The MOSFET is not latching, it is simply doing what you've asked it to do. P-channel MOSFETs are switched by a negative voltage between the gate and source. Or, more simply, the gate voltage must be at a lower potential than the source to turn it on.

If you have 12V attached to the source of that MOSFET, then you must drive the gate with that same potential, 12V, to turn it off. This is equal to 0V from gate to source.

Likewise, assuming a turn-on voltage of 10V (the standard for MOSFETs), this is actually -10V gate-to-source, so reusing the 12V example, you would need to drive the gate with 2V, to fully turn on the MOSFET. This is -10V gate-to-source.

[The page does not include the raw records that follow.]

lemma admissible_split:
  assumes G: "admissible N (A @ Q # B)" and ch: "chord Q u v q1 q2"
  shows "admissible N (A @ q1 # q2 # B)"
proof -
  let ?c = "A @ Q # B" and ?c' = "A @ q1 # q2 # B"
  have wf: "\<forall>X\<in>set ?c. piece N X" and dist: "distinct ?c"
    and hd0: "lo (hd ?c) = 0" "hi (hd ?c) = N - 1" and oc: "sorted_wrt may_precede ?c"
    and stc: "\<forall>X\<in>set ?c. \<forall>Y\<in>set ?c. X \<noteq> Y \<longrightarrow> compatible X Y" and cov: "sides_spanned ?c"
    using G unfolding admissible_def pairwise_def by blast+
  have wq: "piece N Q" using wf by simp
  note cp = chord_props[OF wq ch]
  have wZ: "piece N Z" and sZ: "compatible Z Q" if "Z \<in> set A \<union> set B" for Z
    using wf stc dist that by auto
  have q1_new: "Z \<noteq> q1" if Z: "Z \<in> set A \<union> set B" for Z
    using compatible_span_distinct[OF wZ[OF Z] wq sZ[OF Z]] cp(8,9) by auto
  have q2_new: "Z \<noteq> q2" if Z: "Z \<in> set A \<union> set B" for Z
    using compatible_covers_chord[OF wZ[OF Z] wq sZ[OF Z] ch] cp(3,4,10,11,16) by auto
  have "distinct ?c'" using dist q1_new q2_new cp(8,9,10,11,16) by auto
  moreover have "lo (hd ?c') = 0 \<and> hi (hd ?c') = N - 1" using hd0 cp(8,9) by (cases A) auto
  moreover have "sorted_wrt may_precede ?c'"
    using may_precede_split[OF oc wq ch] wZ sZ by blast
  moreover have "pairwise compatible (set ?c')"
  proof -
    have "compatible Z q1" "compatible Z q2" if "Z \<in> set A \<union> set B" for Z
      using compatible_split[OF wZ[OF that] wq sZ[OF that] ch] by auto
    moreover have "compatible q1 q2"
      using cp(10,11,14) unfolding compatible_def inside_edge_def by blast
    ultimately show ?thesis using stc compatible_sym unfolding pairwise_def by auto
  qed
  ultimately show ?thesis
    using wf cp(12,13) sides_spanned_split[OF cov wq ch] unfolding admissible_def by auto
qed

lemma nest_inside_edge:
  assumes wX: "piece N X" and wY: "piece N Y" and st: "compatible Y X" and ne: "nest Y X"
  shows "inside_edge Y X"
proof -
  have neq: "lo X \<le> lo Y" "hi Y \<le> hi X" using ne unfolding nest_def by auto
  consider "disjoint_spans Y X" | "inside_edge Y X" | "inside_edge X Y"
    using st unfolding compatible_def by blast
  then show ?thesis
  proof cases
    case 1 then show ?thesis using neq piece_basic(4)[OF wY] unfolding disjoint_spans_def by auto
  next
    case 3
    then obtain a b where e: "edge Y a b" "a \<le> lo X" "hi X \<le> b" unfolding inside_edge_def by blast
    then show ?thesis using edge_whole[OF wY e(1)] neq by simp
  qed simp
qed

lemma compatible_no_shared_edge:
  assumes wX: "piece N X" and wZ: "piece N Z" and st: "compatible Z X"
    and eX: "edge X a b" and eZ: "edge Z a b"
  shows False
proof -
  note bX = piece_basic[OF wX] and bZ = piece_basic[OF wZ]
  have ab: "a \<in> set X" "b \<in> set X" "a \<in> set Z" "b \<in> set Z" "a < b"
    using eX eZ unfolding edge_def by auto
  consider "disjoint_spans Z X" | "inside_edge Z X" | "inside_edge X Z"
    using st unfolding compatible_def by blast
  then show False
  proof cases
    case 1 then show ?thesis using bX(3) bZ(3) ab unfolding disjoint_spans_def by (meson le_trans not_le)
  next
    case 2
    then obtain g h where gh: "edge X g h" "g \<le> lo Z" "hi Z \<le> h" unfolding inside_edge_def by blast
    have "g \<le> a" "b \<le> h" using gh bZ(3) ab by (meson le_trans)+
    then have "g = a" "h = b" using gh(1) ab unfolding edge_def by (meson le_antisym le_trans not_le)+
    then show False using edge_whole[OF wZ eZ] gh by simp
  next
    case 3
    then obtain g h where gh: "edge Z g h" "g \<le> lo X" "hi X \<le> h" unfolding inside_edge_def by blast
    have "g \<le> a" "b \<le> h" using gh bX(3) ab by (meson le_trans)+
    then have "g = a" "h = b" using gh(1) ab unfolding edge_def by (meson le_antisym le_trans not_le)+
    then show False using edge_whole[OF wX eX] gh by simp
  qed
qed

text \<open>If Y directly follows X and is nested in it, then Y spans a side of X: otherwise
  the piece spanning that side would sit between them in the order.\<close>
lemma nested_neighbour_spans_edge:
  assumes G: "admissible N (A @ X # Y # B)" and ne: "nest Y X"
  obtains a b where "edge X a b" "lo Y = a" "hi Y = b"
proof -
  let ?c = "A @ X # Y # B"
  have wf: "\<forall>X\<in>set ?c. piece N X" and dist: "distinct ?c" and oc: "sorted_wrt may_precede ?c"
    and stc: "\<forall>X\<in>set ?c. \<forall>Y\<in>set ?c. X \<noteq> Y \<longrightarrow> compatible X Y" and cov: "sides_spanned ?c"
    using G unfolding admissible_def pairwise_def by blast+
  have wX: "piece N X" and wY: "piece N Y" and sYX: "compatible Y X" using wf stc dist by auto
  obtain a b where eab: "edge X a b" "a \<le> lo Y" "hi Y \<le> b"
    using nest_inside_edge[OF wX wY sYX ne] unfolding inside_edge_def by blast
  have "Suc a < b"
  proof -
    obtain x where "x \<in> set Y" "lo Y < x" "x < hi Y" using piece_basic(5)[OF wY] by blast
    then show ?thesis using eab by linarith
  qed
  then obtain Z where Z: "Z \<in> set ?c" "lo Z = a" "hi Z = b"
    using cov eab(1) unfolding sides_spanned_def by auto
  have "lo Y = a \<and> hi Y = b"
  proof (rule ccontr)
    assume nsp: "\<not> (lo Y = a \<and> hi Y = b)"
    have ZX: "Z \<noteq> X" using edge_whole[OF wX eab(1)] Z by auto
    have ZAB: "Z \<in> set A \<union> set B" using Z ZX nsp by auto
    have "nest Y Z" using eab Z nsp unfolding nest_def by auto
    moreover have "nest Z X"
      using Z eab(1) piece_basic(3)[OF wX] compatible_span_distinct[of N Z X] wf stc ZAB ZX
      unfolding nest_def edge_def by auto
    moreover have "\<forall>W\<in>set A. may_precede W X" "\<forall>W\<in>set B. may_precede Y W"
      using oc by (auto simp: sorted_wrt_append)
    ultimately show False using ZAB unfolding may_precede_def by auto
  qed
  then show ?thesis using eab(1) that by blast
qed

text \<open>Gluing keeps the spanning condition: the chord (a,b) disappears, and it is a
  side of no other piece.\<close>
lemma sides_spanned_merge:
  assumes cov: "sides_spanned (A @ X # Y # B)" and wM: "piece N M" and ch: "chord M a b X Y"
    and others: "\<And>Z. Z \<in> set A \<union> set B \<Longrightarrow> piece N Z \<and> compatible Z X"
  shows "sides_spanned (A @ M # B)"
  unfolding sides_spanned_def
proof (intro ballI allI impI)
  let ?c = "A @ X # Y # B" and ?c' = "A @ M # B"
  note cp = chord_props[OF wM ch]
  fix U e f assume U: "U \<in> set ?c'" and ef: "edge U e f \<and> Suc e < f"
  have spanned: "\<exists>Z\<in>set ?c'. lo Z = e \<and> hi Z = f"
    if U': "U' \<in> set ?c" "edge U' e f" and nab: "(e, f) \<noteq> (a, b)" for U'
  proof -
    obtain W where W: "W \<in> set ?c" "lo W = e" "hi W = f"
      using cov U' ef unfolding sides_spanned_def by blast
    have "W \<noteq> Y" using W cp(10,11) nab by auto
    show ?thesis
    proof (cases "W = X")
      case True then show ?thesis using W cp(8,9) by (intro bexI[of _ M]) auto
    next
      case False then show ?thesis using W \<open>W \<noteq> Y\<close> by (intro bexI[of _ W]) auto
    qed
  qed
  show "\<exists>Z\<in>set ?c'. lo Z = e \<and> hi Z = f"
  proof (cases "U = M")
    case False
    then have UAB: "U \<in> set A \<union> set B" using U by auto
    have "(e, f) \<noteq> (a, b)"
      using compatible_no_shared_edge[OF cp(12) _ _ cp(14)] others[OF UAB] ef by blast
    then show ?thesis using spanned[of U] UAB ef by auto
  next
    case True
    then show ?thesis using chord_edges_merge[OF wM ch] ef spanned[of X] spanned[of Y] by auto
  qed
qed
(* Let $\Phi$ be any incoherent operation (IO) acting on a single qubit $\mathcal{H}_2$ with respect to the computational basis $\{|1\rangle,|2\rangle\}$. Then $\Phi$ admits a Kraus decomposition $\Phi(\rho)=\sum_{n=1}^4 K_n\rho K_n^\dagger$ consisting of four incoherent Kraus operators of the form $$K_1=\begin{pmatrix} a_1 & b_1\\ 0&0\end{pmatrix},\quad K_2=\begin{pmatrix} 0&0\\ a_2 & b_2\end{pmatrix},\quad K_3=\begin{pmatrix} a_3 & 0\\ 0& b_3\end{pmatrix},\quad K_4=\begin{pmatrix} 0 & b_4\\ a_4& 0\end{pmatrix},$$ where $a_1,\dots,a_4\in\mathbb{R}$ and $b_1,\dots,b_4\in\mathbb{C}$ satisfy $\sum_{i=1}^4 a_i^2=\sum_{j=1}^4|b_j|^2=1$ and $a_1b_1+a_2b_2=0$.
   Context: Fix an orthonormal basis $\{|i\rangle\}_{i=1}^d$ of $\mathcal{H}_d$. A state is incoherent if it is diagonal in this basis, i.e. of the form $\delta=\sum_{i=1}^d\delta_i|i\rangle\langle i|$ with $\delta_i\ge 0$, $\sum_i\delta_i=1$; let $\mathcal{I}$ denote the set of incoherent states. A completely positive trace-preserving map $\Phi$ is an incoherent operation (IO) if it has a Kraus representation $\Phi(\rho)=\sum_n K_n\rho K_n^\dagger$, $\sum_n K_n^\dagger K_n=I$, such that $K_n\rho K_n^\dagger/\mathrm{Tr}[K_n\rho K_n^\dagger]\in\mathcal{I}$ for all $n$ and all $\rho\in\mathcal{I}$ (whenever the trace is nonzero); such Kraus operators are called incoherent Kraus operators (equivalently, each column of each $K_n$ has at most one nonzero entry). *)

theory Defs
  imports "Jordan_Normal_Form.Schur_Decomposition"
begin

text \<open>Matrices on H_d are d x d complex matrices (indices 0..d-1 stand for the basis 1..d).\<close>

definition mtrace :: "complex mat \<Rightarrow> complex" where
  "mtrace A = (\<Sum>i<dim_row A. A $$ (i, i))"

definition incoherent_state :: "nat \<Rightarrow> complex mat \<Rightarrow> bool" where
  "incoherent_state d \<delta> \<longleftrightarrow> \<delta> \<in> carrier_mat d d \<and> diagonal_mat \<delta> \<and>
     (\<forall>i<d. \<delta> $$ (i, i) \<in> \<real> \<and> Re (\<delta> $$ (i, i)) \<ge> 0) \<and> mtrace \<delta> = 1"

definition incoherent_kraus :: "nat \<Rightarrow> complex mat \<Rightarrow> bool" where
  "incoherent_kraus d K \<longleftrightarrow> K \<in> carrier_mat d d \<and>
     (\<forall>\<rho>. incoherent_state d \<rho> \<longrightarrow> mtrace (K * \<rho> * mat_adjoint K) \<noteq> 0 \<longrightarrow>
        incoherent_state d ((1 / mtrace (K * \<rho> * mat_adjoint K)) \<cdot>\<^sub>m (K * \<rho> * mat_adjoint K)))"

definition msum :: "nat \<Rightarrow> (complex mat \<Rightarrow> complex mat) \<Rightarrow> complex mat list \<Rightarrow> complex mat" where
  "msum d f Ks = foldr (\<lambda>K acc. f K + acc) Ks (0\<^sub>m d d)"

definition kraus_apply :: "nat \<Rightarrow> complex mat list \<Rightarrow> complex mat \<Rightarrow> complex mat" where
  "kraus_apply d Ks \<rho> = msum d (\<lambda>K. K * \<rho> * mat_adjoint K) Ks"

definition IO :: "nat \<Rightarrow> (complex mat \<Rightarrow> complex mat) \<Rightarrow> bool" where
  "IO d \<Phi> \<longleftrightarrow> (\<exists>Ks. (\<forall>K\<in>set Ks. incoherent_kraus d K) \<and>
      msum d (\<lambda>K. mat_adjoint K * K) Ks = 1\<^sub>m d \<and>
      (\<forall>\<rho>\<in>carrier_mat d d. \<Phi> \<rho> = kraus_apply d Ks \<rho>))"

end

theory Submission
  imports Defs
begin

The reason your P-channel MOSFET 'latches' (not really latching, just behaving as expected) when you connect 12V, is because no matter what, you have -7V gate-to-source. When there is 5V on the gate, the MOSFET is on because you're keeping -7V on the gate (12V-5V=7V), which is more than enough to turn on any MOSFET. The threshold is usually -4.5V, and lower for logic level MOSFETs. If your ATMega's output goes high, you pull the gate of the MOSFET close to ground potential, driving the gate with -12V.

So your circuit is only capable of driving the MOSFET's gate in two modes: on, and really on.

It works at 5V because now, your gate drive voltage is able to match the source voltage, and you switch it between 0V gate-to-source, and -5V gate-to-source.

You will have to redesign that part of your circuit for it to work correctly. A common trick is to simply use a pull-up resistor between the gate and the source. This will keep the gate pulled up so it will default to the 'off' position. Now, you can simply use an npn transistor to pull the gate to ground to turn the MOSFET on. And who doesn't like making their circuit simpler?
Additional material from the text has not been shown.